DESCRIPTION OF THE TASK: Begin at the line below that has "unfolding sym_def by blast" and stop after the line that has "c) \<in> E O". Please restate only those lines, word for word.

Stored dataset items:

lemma core_twins_eq:
  assumes "core G" "a \<in> verts G" "b \<in> verts G"
    and twins: "\<And>z. (a, z) \<in> arcs G \<longleftrightarrow> (b, z) \<in> arcs G"
  shows "a = b"
proof (rule ccontr)
  assume "a \<noteq> b"
  define f where "f x = (if x = a then b else x)" for x
  have sym: "(y, x) \<in> arcs G" if "(x, y) \<in> arcs G" for x y
    using graph_symD[OF core_graph[OF assms(1)] that] .
  have "(f x, f y) \<in> arcs G" if xy: "(x, y) \<in> arcs G" for x y
  proof (cases "x = a"; cases "y = a")
    assume "x = a" "y = a"
    then have "(b, b) \<in> arcs G"
      using xy twins sym by blast
    with \<open>x = a\<close> \<open>y = a\<close> show ?thesis
      by (simp add: f_def)
  next
    assume "x \<noteq> a" "y = a"
    then have "(x, b) \<in> arcs G"
      using xy twins sym by blast
    with \<open>x \<noteq> a\<close> \<open>y = a\<close> show ?thesis
      by (simp add: f_def)
  qed (use xy twins in \<open>simp_all add: f_def\<close>)
  then have "hom G G f"
    using assms(3) unfolding hom_def f_def by auto
  then have "a \<in> f ` verts G"
    using core_endo_onto(1)[OF assms(1)] assms(2) by blast
  with \<open>a \<noteq> b\<close> show False
    unfolding f_def by auto
qed

section \<open>Walks of even length\<close>

lemma sym_relcomp_self: "sym E \<Longrightarrow> sym (E O E)"
  unfolding sym_def by blast

lemma even_walk_then_edge:
  assumes "(a, b) \<in> (E O E)\<^sup>*" "(b, c) \<in> E"
  shows "\<exists>m. (a, m) \<in> E \<and> (m, c) \<in> (E O E)\<^sup>*"
  using assms
proof (induction arbitrary: c rule: rtrancl_induct)
  case base
  then show ?case
    by (blast intro: rtrancl_refl)
next
  case (step y z)
  from \<open>(y, z) \<in> E O E\<close> obtain p where "(y, p) \<in> E" "(p, z) \<in> E"
    by (rule relcompE) simp
  with step.IH obtain m where "(a, m) \<in> E" "(m, p) \<in> (E O E)\<^sup>*"
    by blast
  moreover have "(p, c) \<in> E O E"
    using \<open>(p, z) \<in> E\<close> \<open>(z, c) \<in> E\<close> by (rule relcompI)
  ultimately show ?case
    using rtrancl.rtrancl_into_rtrancl by fast
qed

lemma walk_parity:
  assumes "(a, r) \<in> E\<^sup>*"
  shows "(a, r) \<in> (E O E)\<^sup>* \<or> (\<exists>p. (a, p) \<in> (E O E)\<^sup>* \<and> (p, r) \<in> E)"
  using assms
proof (induction rule: rtrancl_induct)
  case (step y z)
  from step.IH show ?case
  proof
    assume "(a, y) \<in> (E O E)\<^sup>*"
    with \<open>(y, z) \<in> E\<close> show ?thesis
      by (intro disjI2 exI conjI)
  next
    assume "\<exists>p. (a, p) \<in> (E O E)\<^sup>* \<and> (p, y) \<in> E"
    then obtain p where "(a, p) \<in> (E O E)\<^sup>*" "(p, y) \<in> E"
      by blast
    have "(p, z) \<in> E O E"
      using \<open>(p, y) \<in> E\<close> \<open>(y, z) \<in> E\<close> by (rule relcompI)
    with \<open>(a, p) \<in> (E O E)\<^sup>*\<close> have "(a, z) \<in> (E O E)\<^sup>*"
      by (rule rtrancl.rtrancl_into_rtrancl)
    then show ?thesis ..
  qed
qed simp

lemma even_reachability_two_colours:
  assumes "sym E" "(w, a) \<in> E\<^sup>*" "(a, b) \<in> E"
    and no_odd: "\<And>w'. (w, w') \<in> E \<Longrightarrow> (w, w') \<notin> (E O E)\<^sup>*"
  shows "(w, a) \<in> (E O E)\<^sup>* \<longleftrightarrow> (w, b) \<notin> (E O E)\<^sup>*"
proof (intro iffI notI)
  have even_sym: "sym ((E O E)\<^sup>*)"
    using sym_rtrancl[OF sym_relcomp_self[OF assms(1)]] .
  assume wa: "(w, a) \<in> (E O E)\<^sup>*" and wb: "(w, b) \<in> (E O E)\<^sup>*"
  have "(b, a) \<in> E"
    using assms(1,3) by (rule symD)
  then obtain m where wm: "(w, m) \<in> E" and ma: "(m, a) \<in> (E O E)\<^sup>*"
    using even_walk_then_edge[OF wb] by blast
  have "(a, w) \<in> (E O E)\<^sup>*"
    using even_sym wa by (rule symD)
  with ma have "(m, w) \<in> (E O E)\<^sup>*"
    by (rule rtrancl_trans)
  with even_sym have "(w, m) \<in> (E O E)\<^sup>*"
    by (rule symD)
  with no_odd[OF wm] show False
    by contradiction
next
  assume wb: "(w, b) \<notin> (E O E)\<^sup>*"
  show "(w, a) \<in> (E O E)\<^sup>*"
  proof (rule ccontr)
    assume "(w, a) \<notin> (E O E)\<^sup>*"
    with walk_parity[OF assms(2)] obtain p where wp: "(w, p) \<in> (E O E)\<^sup>*" and pa: "(p, a) \<in> E"
      by blast
    have "(p, b) \<in> E O E"
      using pa assms(3) by (rule relcompI)
    with wp have "(w, b) \<in> (E O E)\<^sup>*"
      by (rule rtrancl.rtrancl_into_rtrancl)
    with wb show False
      by contradiction
  qed
qed

section \<open>Cores of direct products\<close>

lemma core_dprod_swap:
  assumes "core (dprod G K)" "graph G" "graph K"
  shows "core (dprod K G)"
proof (rule core_retract[OF assms(1) graph_dprod[OF assms(3,2)]])
  show "hom (dprod G K) (dprod K G) prod.swap" "hom (dprod K G) (dprod G K) prod.swap"
    unfolding hom_def dprod_def by auto
qed simp
lemma prime_components_D1_path_alpha_seq:
  assumes "1 \<le> n"
  shows "prime_components n (D1_path n (alpha_seq c n \<pi> x)) =
    Suc (card {k \<in> {1..n - 1}. c < x$\<pi> k - x$\<pi> (k + 1)})"
proof -
  let ?G = "{k \<in> {1..n - 1}. c < x$\<pi> k - x$\<pi> (k + 1)}"
  have "alpha_seq c n \<pi> x n = 0"
    using alpha_seq_le[of n] assms by simp
  then have "{k \<in> {1..n}. alpha_seq c n \<pi> x k = n - k} = insert n ?G"
    using assms by (auto simp: alpha_seq_eq_iff)
  moreover have "finite ?G" "n \<notin> ?G"
    using assms by auto
  ultimately show ?thesis
    by (simp add: prime_components_D1_path alpha_seq_antitone alpha_seq_le)
qed

end

section \<open>Level via rays and bounded distance\<close>

lemma arr_complement_iff:
  "z \<in> arr_complement A \<longleftrightarrow> (\<forall>i j. i \<noteq> j \<longrightarrow> z$i \<noteq> z$j \<and> z$i - z$j \<notin> A)"
proof
  assume z: "z \<in> arr_complement A"
  show "\<forall>i j. i \<noteq> j \<longrightarrow> z$i \<noteq> z$j \<and> z$i - z$j \<notin> A"
  proof (intro allI impI)
    fix i j :: 'a
    assume "i \<noteq> j"
    then have "{y. y$i - y$j = c} \<in> arr_hyperplanes A" if "c = 0 \<or> c \<in> A" for c
      using that unfolding arr_hyperplanes_def by blast
    then show "z$i \<noteq> z$j \<and> z$i - z$j \<notin> A"
      using z unfolding arr_complement_def by fastforce
  qed
qed (auto simp: arr_complement_def arr_hyperplanes_def)

lemma mem_arr_complement_if_decreasing:
  fixes \<pi> :: "nat \<Rightarrow> 'n::finite" and z :: "real^'n"
  assumes "bij_betw \<pi> {1..n} UNIV" and "\<forall>a\<in>A. 0 < a"
    and "\<And>i j. i \<in> {1..n} \<Longrightarrow> j \<in> {1..n} \<Longrightarrow> i < j \<Longrightarrow> z$\<pi> j < z$\<pi> i \<and> z$\<pi> i - z$\<pi> j \<notin> A"
  shows "z \<in> arr_complement A"
  unfolding arr_complement_iff
proof (intro allI impI)
  fix p q :: 'n
  assume "p \<noteq> q"
  have "\<pi> ` {1..n} = UNIV"
    using assms(1) by (rule bij_betw_imp_surj_on)
  then obtain i j where ij: "i \<in> {1..n}" "j \<in> {1..n}" "p = \<pi> i" "q = \<pi> j"
    by (metis UNIV_I imageE)
  with \<open>p \<noteq> q\<close> have "i \<noteq> j"
    by blast
  then consider "i < j" | "j < i"
    by linarith
  then show "z$p \<noteq> z$q \<and> z$p - z$q \<notin> A"
  proof cases
    case 1
    then show ?thesis
      using assms(3)[of i j] ij by auto
  next
    case 2
    then have "z$p - z$q < 0"
      using assms(3)[of j i] ij by auto
    then show ?thesis
      using assms(2) by fastforce
  qed
qed
lemma homogeneous_le_positive_definite:
  fixes f g :: "real poly \<Rightarrow> real"
  assumes f_cont: "continuous_on UNIV (\<lambda>a. f (poly_of_coeffs k a))"
    and g_cont: "continuous_on UNIV (\<lambda>a. g (poly_of_coeffs k a))"
    and f_hom: "\<And>c q. f (smult c q) = c\<^sup>2 * f q"
    and g_hom: "\<And>c q. g (smult c q) = c\<^sup>2 * g q"
    and g_pos: "\<And>q. q \<noteq> 0 \<Longrightarrow> degree q \<le> k \<Longrightarrow> g q > 0"
  shows "\<exists>B>0. \<forall>q. degree q \<le> k \<longrightarrow> f q \<le> B * g q"
proof -
  obtain M where M: "\<And>a. a \<in> unit_coeffs k \<Longrightarrow> f (poly_of_coeffs k a) \<le> M"
    using continuous_attains_sup[OF compact_unit_coeffs unit_coeffs_nonempty
        continuous_on_subset[OF f_cont]] by blast
  obtain a0 where a0: "a0 \<in> unit_coeffs k"
    and a0_min: "\<And>a. a \<in> unit_coeffs k \<Longrightarrow> g (poly_of_coeffs k a0) \<le> g (poly_of_coeffs k a)"
    using continuous_attains_inf[OF compact_unit_coeffs unit_coeffs_nonempty
        continuous_on_subset[OF g_cont]] by blast
  define m where "m = g (poly_of_coeffs k a0)"
  have m: "m > 0"
    unfolding m_def using a0 g_pos poly_of_unit_coeffs_nonzero degree_poly_of_coeffs by blast
  define B where "B = max 1 (max M 0 / m)"
  have unit: "f (poly_of_coeffs k a) \<le> B * g (poly_of_coeffs k a)" if "a \<in> unit_coeffs k" for a
  proof -
    have "f (poly_of_coeffs k a) \<le> max M 0 / m * m"
      using M[OF that] m by simp
    also have "\<dots> \<le> B * g (poly_of_coeffs k a)"
      using a0_min[OF that] m unfolding m_def[symmetric] B_def by (intro mult_mono) auto
    finally show ?thesis .
  qed
  have "f q \<le> B * g q" if "degree q \<le> k" for q
  proof (cases "q = 0")
    case True
    then show ?thesis using f_hom[of 0 0] g_hom[of 0 0] by simp
  next
    case False
    then obtain s a where "a \<in> unit_coeffs k" and q: "q = smult s (poly_of_coeffs k a)"
      using poly_eq_smult_unit_coeffs \<open>degree q \<le> k\<close> by blast
    then show ?thesis
      using unit[of a] unfolding q f_hom g_hom
      by (metis mult_left_mono zero_le_power2 mult.assoc mult.commute)
  qed
  moreover have "B > 0" unfolding B_def by simp
  ultimately show ?thesis by blast
qed

definition ref_mstar_sq :: "nat \<Rightarrow> (nat \<Rightarrow> real) \<Rightarrow> (nat \<Rightarrow> real) \<Rightarrow> real poly \<Rightarrow> real" where
  "ref_mstar_sq k xi w q = (\<Sum>j\<le>k. (mstar_val q xi w j)\<^sup>2 * (xi (Suc j) - xi j))"

definition ref_l2_sq :: "real poly \<Rightarrow> real" where
  "ref_l2_sq q = integral {0..1} (\<lambda>t. (poly q t)\<^sup>2)"

lemma mstar_val_add: "mstar_val (p + q) y A j = mstar_val p y A j + mstar_val q y A j"
  by (induction j) (simp_all add: pderiv_add algebra_simps)

lemma mstar_val_smult: "mstar_val (smult c p) y A j = c * mstar_val p y A j"
  by (induction j) (simp_all add: pderiv_smult algebra_simps)

lemma ref_mstar_sq_smult: "ref_mstar_sq k xi w (smult c q) = c\<^sup>2 * ref_mstar_sq k xi w q"
  unfolding ref_mstar_sq_def mstar_val_smult
  by (simp add: sum_distrib_left power_mult_distrib algebra_simps)

lemma ref_l2_sq_smult: "ref_l2_sq (smult c q) = c\<^sup>2 * ref_l2_sq q"
  unfolding ref_l2_sq_def by (simp add: power_mult_distrib)

lemma continuous_on_ref_mstar_sq: "continuous_on UNIV (\<lambda>a. ref_mstar_sq k xi w (poly_of_coeffs n a))"
proof -
  have "continuous_on UNIV (\<lambda>a. mstar_val (poly_of_coeffs n a) xi w j)" for j
    by (rule continuous_on_linear_poly_of_coeffs) (simp_all add: mstar_val_add mstar_val_smult)
  then show ?thesis
    unfolding ref_mstar_sq_def by (intro continuous_intros)
qed

lemma continuous_on_ref_l2_sq: "continuous_on UNIV (\<lambda>a. ref_l2_sq (poly_of_coeffs n a))"
proof -
  have square: "(poly (poly_of_coeffs n a) t)\<^sup>2 = (\<Sum>i\<le>n. \<Sum>i'\<le>n. a i * a i' * t ^ (i + i'))"
    for a t
    unfolding poly_poly_of_coeffs power2_eq_square sum_product by (simp add: power_add algebra_simps)
  have expand: "ref_l2_sq (poly_of_coeffs n a) =
      (\<Sum>i\<le>n. \<Sum>i'\<le>n. a i * a i' * integral {0..1} (\<lambda>t. t ^ (i + i')))" for a
    unfolding ref_l2_sq_def square
    by (simp add: integral_sum integrable_continuous_interval continuous_intros integrable_sum)
  show ?thesis
    unfolding expand by (intro continuous_intros) auto
qed

lemma ref_l2_sq_pos:
  assumes "q \<noteq> 0"
  shows "ref_l2_sq q > 0"
proof -
  have "ref_l2_sq q \<ge> 0"
    unfolding ref_l2_sq_def by (intro integral_nonneg integrable_continuous_interval continuous_intros) auto
  moreover have "ref_l2_sq q \<noteq> 0"
  proof
    assume "ref_l2_sq q = 0"
    then have "integral (cbox 0 1) (\<lambda>t. (poly q t)\<^sup>2) = 0"
      by (simp add: ref_l2_sq_def)
    then have "\<forall>t\<in>cbox 0 (1::real). (poly q t)\<^sup>2 = 0"
      by (subst (asm) integral_cbox_eq_0_iff) (auto intro!: continuous_intros)
    then have "{0..1::real} \<subseteq> {t. poly q t = 0}"
      by auto
    moreover have "infinite {0..1::real}"
      by (simp add: infinite_Icc)
    ultimately show False
      using poly_roots_finite[OF assms] finite_subset by blast
  qed
  ultimately show ?thesis by linarith
qed
definition iedges :: "'v set set multiset \<Rightarrow> ('v set set \<times> nat) set set" where
  "iedges W = {{x, y} | x y. x \<in> ivert W \<and> y \<in> ivert W \<and> iadj x y}"

definition graph_connected :: "'a set \<Rightarrow> 'a set set \<Rightarrow> bool" where
  "graph_connected Vs C \<longleftrightarrow> (\<forall>x\<in>Vs. \<forall>y\<in>Vs. (x, y) \<in> ({(a, b). {a, b} \<in> C})\<^sup>*)"

definition ursell :: "'v set set multiset \<Rightarrow> real" where
  "ursell W = (1 / (\<Prod>l\<in>set_mset W. fact (count W l))) *
     (\<Sum>C\<in>{C. C \<subseteq> iedges W \<and> graph_connected (ivert W) C}. (-1) ^ card C)"

definition conn_clusters :: "'v set set \<Rightarrow> 'v set \<Rightarrow> 'v set set multiset set" where
  "conn_clusters E A = {W. W \<noteq> {#} \<and> set_mset W \<subseteq> LA E A \<and> graph_connected (ivert W) (iedges W)}"

definition cl_supp :: "'v set set multiset \<Rightarrow> 'v set" where
  "cl_supp W = (\<Union>l\<in>set_mset W. supp l)"


definition cl_weight :: "('v set set \<Rightarrow> complex) \<Rightarrow> 'v set set multiset \<Rightarrow> complex" where
  "cl_weight w W = (\<Prod>l\<in>set_mset W. w l ^ count W l)"

definition Zl where
  "Zl V E D d Aten \<mu> l =
     exc_contract V E D d Aten {} one_op \<mu> l / exc_contract V E D d Aten {} one_op \<mu> {}"

definition Zbar where
  "Zbar V E D d Aten A Op \<mu> l =
     exc_contract V E D d Aten A Op \<mu> l / exc_contract V E D d Aten {} one_op \<mu> {}"

definition Zlam where
  "Zlam V E D d Aten A Op \<mu> lam l =
     exc_contract V E D d Aten A (op_exp A d lam Op) \<mu> l
       / exc_contract V E D d Aten A (op_exp A d lam Op) \<mu> {}"

end

theory Submission
  imports Defs
begin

SOLUTION TO THE PROBLEM:
  unfolding sym_def by blast

lemma even_walk_then_edge:
  assumes "(a, b) \<in> (E O E)\<^sup>*" "(b, c) \<in> E"
  shows "\<exists>m. (a, m) \<in> E \<and> (m, c) \<in> (E O E)\<^sup>*"
  using assms
proof (induction arbitrary: c rule: rtrancl_induct)
  case base
  then show ?case
    by (blast intro: rtrancl_refl)
next
  case (step y z)
  from \<open>(y, z) \<in> E O E\<close> obtain p where "(y, p) \<in> E" "(p, z) \<in> E"
    by (rule relcompE) simp
  with step.IH obtain m where "(a, m) \<in> E" "(m, p) \<in> (E O E)\<^sup>*"
    by blast
  moreover have "(p, c) \<in> E O E"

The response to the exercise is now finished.